- _WHAT YOU SHOULD DO_:
How many lines in the records below contain "dots"? Reply with the number only.

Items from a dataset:
<<<<

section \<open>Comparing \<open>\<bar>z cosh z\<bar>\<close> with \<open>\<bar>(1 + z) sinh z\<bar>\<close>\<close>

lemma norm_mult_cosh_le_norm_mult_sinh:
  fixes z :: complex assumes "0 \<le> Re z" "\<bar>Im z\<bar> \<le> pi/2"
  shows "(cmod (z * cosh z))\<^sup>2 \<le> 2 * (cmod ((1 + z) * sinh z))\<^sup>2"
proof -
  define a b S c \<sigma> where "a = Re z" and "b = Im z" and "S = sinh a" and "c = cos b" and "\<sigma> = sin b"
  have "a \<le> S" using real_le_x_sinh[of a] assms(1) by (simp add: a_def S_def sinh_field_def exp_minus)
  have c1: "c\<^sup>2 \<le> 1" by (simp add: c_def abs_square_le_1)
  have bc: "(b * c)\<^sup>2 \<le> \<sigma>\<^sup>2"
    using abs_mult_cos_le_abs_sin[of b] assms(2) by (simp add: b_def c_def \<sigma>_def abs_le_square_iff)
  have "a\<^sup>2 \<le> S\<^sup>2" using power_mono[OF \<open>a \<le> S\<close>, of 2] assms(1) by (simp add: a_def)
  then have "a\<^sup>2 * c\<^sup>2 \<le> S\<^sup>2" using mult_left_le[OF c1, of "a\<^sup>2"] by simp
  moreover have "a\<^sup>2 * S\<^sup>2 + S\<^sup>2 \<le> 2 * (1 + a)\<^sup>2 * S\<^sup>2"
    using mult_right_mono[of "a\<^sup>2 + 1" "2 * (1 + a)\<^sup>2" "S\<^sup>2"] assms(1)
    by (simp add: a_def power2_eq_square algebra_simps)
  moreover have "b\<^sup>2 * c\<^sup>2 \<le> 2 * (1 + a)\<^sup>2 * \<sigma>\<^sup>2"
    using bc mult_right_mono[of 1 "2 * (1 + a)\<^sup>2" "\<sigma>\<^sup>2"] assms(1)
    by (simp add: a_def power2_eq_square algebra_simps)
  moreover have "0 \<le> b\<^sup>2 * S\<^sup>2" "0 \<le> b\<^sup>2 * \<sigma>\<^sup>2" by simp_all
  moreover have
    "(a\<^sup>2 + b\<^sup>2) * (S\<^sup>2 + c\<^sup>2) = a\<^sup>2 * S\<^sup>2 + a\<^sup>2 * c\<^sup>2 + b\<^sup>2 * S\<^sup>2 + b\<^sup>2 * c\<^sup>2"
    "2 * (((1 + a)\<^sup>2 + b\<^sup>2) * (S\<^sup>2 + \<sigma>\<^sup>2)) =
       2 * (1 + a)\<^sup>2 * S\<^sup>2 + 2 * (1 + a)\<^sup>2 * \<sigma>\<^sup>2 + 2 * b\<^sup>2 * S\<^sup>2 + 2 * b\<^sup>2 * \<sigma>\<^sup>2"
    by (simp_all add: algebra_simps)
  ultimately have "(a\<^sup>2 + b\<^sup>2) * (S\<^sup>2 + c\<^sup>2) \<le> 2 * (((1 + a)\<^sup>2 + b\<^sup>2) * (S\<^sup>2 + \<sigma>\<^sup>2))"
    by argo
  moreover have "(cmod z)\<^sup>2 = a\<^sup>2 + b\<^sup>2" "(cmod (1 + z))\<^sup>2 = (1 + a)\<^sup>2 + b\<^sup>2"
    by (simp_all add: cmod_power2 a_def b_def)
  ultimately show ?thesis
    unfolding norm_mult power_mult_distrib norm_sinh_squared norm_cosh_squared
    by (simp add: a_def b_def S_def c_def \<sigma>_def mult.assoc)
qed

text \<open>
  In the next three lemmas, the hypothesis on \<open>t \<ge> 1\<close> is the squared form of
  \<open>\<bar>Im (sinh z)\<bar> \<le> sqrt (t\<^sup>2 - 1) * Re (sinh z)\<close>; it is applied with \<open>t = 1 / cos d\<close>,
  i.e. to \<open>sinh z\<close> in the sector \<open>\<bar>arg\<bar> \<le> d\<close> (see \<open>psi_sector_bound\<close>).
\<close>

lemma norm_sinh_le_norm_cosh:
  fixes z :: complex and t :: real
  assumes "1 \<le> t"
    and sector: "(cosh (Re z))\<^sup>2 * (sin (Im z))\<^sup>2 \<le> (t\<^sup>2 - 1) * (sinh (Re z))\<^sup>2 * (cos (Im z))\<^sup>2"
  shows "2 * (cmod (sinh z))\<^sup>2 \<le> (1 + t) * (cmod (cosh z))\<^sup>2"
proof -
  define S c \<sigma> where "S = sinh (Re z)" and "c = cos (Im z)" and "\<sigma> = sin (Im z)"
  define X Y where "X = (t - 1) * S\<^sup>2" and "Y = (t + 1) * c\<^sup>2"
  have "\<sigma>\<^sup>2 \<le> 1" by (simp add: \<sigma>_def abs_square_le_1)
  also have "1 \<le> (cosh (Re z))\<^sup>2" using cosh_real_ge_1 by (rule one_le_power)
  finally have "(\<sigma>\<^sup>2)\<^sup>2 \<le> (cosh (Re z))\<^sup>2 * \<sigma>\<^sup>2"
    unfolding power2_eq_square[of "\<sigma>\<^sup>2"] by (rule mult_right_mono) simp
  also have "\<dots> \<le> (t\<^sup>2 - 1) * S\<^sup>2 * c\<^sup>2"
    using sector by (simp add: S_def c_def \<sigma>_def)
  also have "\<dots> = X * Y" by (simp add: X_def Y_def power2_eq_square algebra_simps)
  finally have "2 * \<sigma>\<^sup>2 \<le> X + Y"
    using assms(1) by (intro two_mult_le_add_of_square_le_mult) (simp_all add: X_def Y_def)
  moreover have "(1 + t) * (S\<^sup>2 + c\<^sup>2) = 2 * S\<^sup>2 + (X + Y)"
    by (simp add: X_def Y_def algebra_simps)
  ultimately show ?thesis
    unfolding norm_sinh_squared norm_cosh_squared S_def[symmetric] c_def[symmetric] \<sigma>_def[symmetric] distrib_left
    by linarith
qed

>>>>
<<<<

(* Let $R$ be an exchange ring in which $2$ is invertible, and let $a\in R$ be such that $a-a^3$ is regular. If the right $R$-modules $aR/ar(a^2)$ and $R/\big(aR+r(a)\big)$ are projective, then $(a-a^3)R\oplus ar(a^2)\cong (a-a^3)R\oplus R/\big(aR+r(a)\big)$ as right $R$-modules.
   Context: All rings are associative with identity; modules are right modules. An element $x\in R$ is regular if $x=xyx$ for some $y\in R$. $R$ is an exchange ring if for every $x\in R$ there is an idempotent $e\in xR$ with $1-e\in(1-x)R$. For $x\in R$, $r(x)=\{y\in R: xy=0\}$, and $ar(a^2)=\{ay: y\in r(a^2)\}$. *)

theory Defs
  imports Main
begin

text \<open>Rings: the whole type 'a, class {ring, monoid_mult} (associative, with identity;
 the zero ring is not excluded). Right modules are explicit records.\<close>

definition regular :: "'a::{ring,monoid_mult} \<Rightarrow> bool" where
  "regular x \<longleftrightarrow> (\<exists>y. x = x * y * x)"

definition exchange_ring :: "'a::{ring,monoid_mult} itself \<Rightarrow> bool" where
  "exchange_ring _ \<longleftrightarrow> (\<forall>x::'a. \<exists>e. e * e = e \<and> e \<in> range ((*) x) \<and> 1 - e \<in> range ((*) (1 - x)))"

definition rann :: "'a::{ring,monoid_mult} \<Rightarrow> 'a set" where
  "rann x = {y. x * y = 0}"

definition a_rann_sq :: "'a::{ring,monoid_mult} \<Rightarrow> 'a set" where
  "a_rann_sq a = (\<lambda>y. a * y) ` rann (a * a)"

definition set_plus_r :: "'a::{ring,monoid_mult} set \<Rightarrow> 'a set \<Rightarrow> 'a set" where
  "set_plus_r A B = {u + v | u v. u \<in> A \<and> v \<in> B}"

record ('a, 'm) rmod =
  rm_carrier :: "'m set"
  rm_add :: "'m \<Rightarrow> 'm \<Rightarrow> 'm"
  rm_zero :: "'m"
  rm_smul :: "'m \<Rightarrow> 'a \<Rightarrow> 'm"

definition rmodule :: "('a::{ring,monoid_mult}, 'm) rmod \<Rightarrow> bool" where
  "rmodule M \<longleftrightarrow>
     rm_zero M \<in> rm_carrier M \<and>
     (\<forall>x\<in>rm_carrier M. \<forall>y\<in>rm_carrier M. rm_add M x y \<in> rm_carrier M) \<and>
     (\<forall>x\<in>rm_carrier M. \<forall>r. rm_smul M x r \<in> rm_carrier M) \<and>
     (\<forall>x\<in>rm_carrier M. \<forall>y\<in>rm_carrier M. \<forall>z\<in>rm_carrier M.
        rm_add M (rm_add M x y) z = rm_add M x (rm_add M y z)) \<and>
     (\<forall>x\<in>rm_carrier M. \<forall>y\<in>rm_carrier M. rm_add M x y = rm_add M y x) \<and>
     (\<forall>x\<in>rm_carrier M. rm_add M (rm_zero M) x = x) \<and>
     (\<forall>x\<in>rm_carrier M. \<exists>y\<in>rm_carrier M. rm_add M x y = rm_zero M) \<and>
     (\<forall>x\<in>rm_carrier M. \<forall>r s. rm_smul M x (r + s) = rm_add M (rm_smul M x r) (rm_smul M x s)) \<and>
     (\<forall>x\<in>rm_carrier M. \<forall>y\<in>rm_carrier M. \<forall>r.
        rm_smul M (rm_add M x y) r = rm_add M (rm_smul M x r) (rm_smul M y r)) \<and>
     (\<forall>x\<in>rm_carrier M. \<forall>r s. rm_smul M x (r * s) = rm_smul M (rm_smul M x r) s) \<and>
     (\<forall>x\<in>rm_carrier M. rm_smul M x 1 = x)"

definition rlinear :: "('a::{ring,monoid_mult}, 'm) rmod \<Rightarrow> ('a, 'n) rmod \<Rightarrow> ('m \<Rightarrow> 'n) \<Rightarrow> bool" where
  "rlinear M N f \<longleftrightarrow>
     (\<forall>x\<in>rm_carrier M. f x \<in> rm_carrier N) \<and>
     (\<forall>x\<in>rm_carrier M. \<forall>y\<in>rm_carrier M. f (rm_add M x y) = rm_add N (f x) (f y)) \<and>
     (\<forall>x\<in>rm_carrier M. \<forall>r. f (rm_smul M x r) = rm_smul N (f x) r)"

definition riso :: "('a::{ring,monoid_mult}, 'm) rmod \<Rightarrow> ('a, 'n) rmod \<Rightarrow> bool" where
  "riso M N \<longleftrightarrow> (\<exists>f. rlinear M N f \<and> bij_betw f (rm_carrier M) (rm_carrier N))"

>>>>
<<<<

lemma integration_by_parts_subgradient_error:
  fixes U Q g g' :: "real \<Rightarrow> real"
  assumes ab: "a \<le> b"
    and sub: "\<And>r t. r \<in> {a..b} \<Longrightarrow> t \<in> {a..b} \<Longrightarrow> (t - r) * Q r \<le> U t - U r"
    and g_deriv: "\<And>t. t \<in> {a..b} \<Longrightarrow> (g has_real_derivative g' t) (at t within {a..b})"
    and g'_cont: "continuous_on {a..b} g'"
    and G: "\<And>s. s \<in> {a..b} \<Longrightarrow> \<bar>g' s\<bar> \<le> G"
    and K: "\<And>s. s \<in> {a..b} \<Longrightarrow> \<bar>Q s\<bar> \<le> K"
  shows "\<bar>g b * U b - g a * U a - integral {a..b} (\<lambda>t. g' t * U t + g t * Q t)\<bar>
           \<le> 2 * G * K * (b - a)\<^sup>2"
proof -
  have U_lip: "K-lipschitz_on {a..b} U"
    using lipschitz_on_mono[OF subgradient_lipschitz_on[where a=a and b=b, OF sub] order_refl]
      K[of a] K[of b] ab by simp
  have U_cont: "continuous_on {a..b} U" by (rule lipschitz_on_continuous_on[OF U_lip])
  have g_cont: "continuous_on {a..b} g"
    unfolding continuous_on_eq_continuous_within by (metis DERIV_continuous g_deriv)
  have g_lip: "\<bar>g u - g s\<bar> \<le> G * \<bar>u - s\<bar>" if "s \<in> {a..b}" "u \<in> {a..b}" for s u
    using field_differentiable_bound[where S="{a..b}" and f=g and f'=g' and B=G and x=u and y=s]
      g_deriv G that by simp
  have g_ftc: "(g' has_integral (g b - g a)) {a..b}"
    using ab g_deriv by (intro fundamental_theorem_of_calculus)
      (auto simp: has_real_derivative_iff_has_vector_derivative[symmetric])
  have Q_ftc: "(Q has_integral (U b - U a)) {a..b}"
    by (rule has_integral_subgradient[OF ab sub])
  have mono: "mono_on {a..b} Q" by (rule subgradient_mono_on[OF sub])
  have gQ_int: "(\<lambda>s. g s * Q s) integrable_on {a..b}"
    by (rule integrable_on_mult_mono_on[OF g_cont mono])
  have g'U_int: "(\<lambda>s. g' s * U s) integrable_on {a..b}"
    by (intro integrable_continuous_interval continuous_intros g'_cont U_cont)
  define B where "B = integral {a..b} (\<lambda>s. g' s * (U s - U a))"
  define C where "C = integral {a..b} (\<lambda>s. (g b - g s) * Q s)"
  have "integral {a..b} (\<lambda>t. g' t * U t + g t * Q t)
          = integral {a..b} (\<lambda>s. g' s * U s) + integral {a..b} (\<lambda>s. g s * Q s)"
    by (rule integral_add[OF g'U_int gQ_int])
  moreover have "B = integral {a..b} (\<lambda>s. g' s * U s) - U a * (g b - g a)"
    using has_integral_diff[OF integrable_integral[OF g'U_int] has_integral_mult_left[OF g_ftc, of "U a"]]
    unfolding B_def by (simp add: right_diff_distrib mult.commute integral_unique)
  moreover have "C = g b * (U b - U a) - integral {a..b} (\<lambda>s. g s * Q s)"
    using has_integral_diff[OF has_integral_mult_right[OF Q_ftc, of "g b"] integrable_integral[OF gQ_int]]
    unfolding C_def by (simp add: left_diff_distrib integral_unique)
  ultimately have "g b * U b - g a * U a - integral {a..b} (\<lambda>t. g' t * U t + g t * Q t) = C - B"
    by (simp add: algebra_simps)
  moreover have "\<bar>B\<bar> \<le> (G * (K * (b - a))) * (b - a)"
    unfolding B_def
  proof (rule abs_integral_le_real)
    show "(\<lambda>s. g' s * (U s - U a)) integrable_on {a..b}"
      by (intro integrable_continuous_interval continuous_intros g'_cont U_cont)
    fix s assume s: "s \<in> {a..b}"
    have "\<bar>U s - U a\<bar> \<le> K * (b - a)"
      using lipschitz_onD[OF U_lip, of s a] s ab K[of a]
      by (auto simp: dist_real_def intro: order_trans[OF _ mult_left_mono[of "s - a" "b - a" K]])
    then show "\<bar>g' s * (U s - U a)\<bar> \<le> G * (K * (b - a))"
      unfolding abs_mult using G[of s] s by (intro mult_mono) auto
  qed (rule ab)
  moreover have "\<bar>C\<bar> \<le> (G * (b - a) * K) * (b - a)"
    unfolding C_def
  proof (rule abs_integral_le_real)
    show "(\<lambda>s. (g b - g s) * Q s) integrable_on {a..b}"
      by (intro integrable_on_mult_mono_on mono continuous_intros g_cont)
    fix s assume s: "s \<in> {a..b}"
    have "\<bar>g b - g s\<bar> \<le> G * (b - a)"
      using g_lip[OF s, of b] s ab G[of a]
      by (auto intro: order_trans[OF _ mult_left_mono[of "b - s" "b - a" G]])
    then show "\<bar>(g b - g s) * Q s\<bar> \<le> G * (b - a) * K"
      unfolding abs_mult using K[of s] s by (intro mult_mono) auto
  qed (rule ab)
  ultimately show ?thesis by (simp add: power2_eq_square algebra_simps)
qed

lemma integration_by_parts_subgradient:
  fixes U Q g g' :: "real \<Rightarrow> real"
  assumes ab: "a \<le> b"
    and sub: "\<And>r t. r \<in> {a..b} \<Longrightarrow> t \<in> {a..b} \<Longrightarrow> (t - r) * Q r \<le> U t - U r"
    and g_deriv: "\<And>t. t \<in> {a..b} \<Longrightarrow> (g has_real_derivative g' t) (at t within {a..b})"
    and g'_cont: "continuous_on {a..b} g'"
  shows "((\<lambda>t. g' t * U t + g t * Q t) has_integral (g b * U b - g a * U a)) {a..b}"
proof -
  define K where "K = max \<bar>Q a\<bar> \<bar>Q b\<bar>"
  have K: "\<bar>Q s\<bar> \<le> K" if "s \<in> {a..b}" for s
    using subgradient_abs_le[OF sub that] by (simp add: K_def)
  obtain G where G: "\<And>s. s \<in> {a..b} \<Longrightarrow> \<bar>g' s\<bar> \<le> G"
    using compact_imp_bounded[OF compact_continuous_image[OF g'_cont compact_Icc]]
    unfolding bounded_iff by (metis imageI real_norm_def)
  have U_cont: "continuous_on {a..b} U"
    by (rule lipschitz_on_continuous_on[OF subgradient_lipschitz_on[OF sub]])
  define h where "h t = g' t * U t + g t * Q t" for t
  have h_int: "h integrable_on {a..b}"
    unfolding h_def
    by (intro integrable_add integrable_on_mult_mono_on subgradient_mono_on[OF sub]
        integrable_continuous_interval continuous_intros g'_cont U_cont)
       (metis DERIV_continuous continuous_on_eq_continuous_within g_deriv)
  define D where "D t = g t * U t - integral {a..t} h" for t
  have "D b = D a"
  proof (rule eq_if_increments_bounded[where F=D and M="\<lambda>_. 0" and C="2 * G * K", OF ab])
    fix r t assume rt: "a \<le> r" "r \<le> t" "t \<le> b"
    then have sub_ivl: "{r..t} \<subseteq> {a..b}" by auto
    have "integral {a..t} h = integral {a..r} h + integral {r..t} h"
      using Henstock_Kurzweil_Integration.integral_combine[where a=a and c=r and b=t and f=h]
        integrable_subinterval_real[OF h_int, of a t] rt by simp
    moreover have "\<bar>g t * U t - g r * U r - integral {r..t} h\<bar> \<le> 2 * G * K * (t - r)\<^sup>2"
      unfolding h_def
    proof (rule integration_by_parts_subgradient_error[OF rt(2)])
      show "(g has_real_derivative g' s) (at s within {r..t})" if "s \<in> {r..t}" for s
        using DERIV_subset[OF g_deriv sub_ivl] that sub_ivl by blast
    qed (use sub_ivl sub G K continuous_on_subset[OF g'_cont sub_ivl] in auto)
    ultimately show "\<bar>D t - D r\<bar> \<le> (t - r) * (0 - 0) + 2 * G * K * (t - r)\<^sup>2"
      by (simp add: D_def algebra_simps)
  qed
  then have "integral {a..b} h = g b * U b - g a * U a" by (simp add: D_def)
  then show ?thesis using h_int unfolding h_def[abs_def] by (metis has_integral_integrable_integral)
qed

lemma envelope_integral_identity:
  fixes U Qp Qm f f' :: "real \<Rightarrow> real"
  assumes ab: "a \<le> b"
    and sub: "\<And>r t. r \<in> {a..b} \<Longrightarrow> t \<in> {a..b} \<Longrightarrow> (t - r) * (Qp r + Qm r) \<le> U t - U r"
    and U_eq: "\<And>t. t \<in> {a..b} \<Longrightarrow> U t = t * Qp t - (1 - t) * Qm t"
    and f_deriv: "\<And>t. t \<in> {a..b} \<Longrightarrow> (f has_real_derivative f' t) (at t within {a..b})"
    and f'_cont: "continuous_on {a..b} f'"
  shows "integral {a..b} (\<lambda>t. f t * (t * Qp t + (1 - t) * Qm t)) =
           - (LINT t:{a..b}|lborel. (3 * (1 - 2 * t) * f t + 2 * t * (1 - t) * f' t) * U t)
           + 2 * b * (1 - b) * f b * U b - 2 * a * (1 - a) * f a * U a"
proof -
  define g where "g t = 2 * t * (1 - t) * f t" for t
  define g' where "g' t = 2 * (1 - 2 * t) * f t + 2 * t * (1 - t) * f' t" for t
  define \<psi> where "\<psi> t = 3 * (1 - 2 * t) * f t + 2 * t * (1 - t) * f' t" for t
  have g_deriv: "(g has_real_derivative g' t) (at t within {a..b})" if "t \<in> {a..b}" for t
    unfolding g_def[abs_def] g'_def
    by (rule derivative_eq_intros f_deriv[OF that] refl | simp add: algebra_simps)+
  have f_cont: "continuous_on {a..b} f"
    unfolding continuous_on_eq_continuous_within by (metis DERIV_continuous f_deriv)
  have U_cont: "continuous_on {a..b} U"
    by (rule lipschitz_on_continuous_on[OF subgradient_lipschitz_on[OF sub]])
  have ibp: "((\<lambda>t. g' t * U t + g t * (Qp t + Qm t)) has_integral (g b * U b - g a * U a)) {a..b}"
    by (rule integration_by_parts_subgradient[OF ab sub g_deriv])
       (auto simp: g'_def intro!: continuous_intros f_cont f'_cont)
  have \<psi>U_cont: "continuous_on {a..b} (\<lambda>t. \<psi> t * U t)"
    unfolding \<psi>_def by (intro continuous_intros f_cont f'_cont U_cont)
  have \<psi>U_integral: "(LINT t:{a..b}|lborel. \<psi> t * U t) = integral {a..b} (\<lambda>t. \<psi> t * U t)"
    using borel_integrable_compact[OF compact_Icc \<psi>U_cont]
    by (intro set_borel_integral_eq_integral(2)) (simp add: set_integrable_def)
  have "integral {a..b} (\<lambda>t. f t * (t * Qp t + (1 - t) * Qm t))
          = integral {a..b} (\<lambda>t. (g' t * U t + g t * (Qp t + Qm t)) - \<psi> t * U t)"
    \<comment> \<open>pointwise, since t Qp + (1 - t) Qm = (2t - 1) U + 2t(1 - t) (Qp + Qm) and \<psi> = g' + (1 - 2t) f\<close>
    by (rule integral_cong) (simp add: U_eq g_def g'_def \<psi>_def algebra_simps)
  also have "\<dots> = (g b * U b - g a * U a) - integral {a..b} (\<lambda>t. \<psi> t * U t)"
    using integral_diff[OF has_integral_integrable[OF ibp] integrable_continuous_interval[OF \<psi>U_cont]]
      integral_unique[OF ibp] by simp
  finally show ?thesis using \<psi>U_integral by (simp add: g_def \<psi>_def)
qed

>>>>

- _TASK RESPONSE_:
3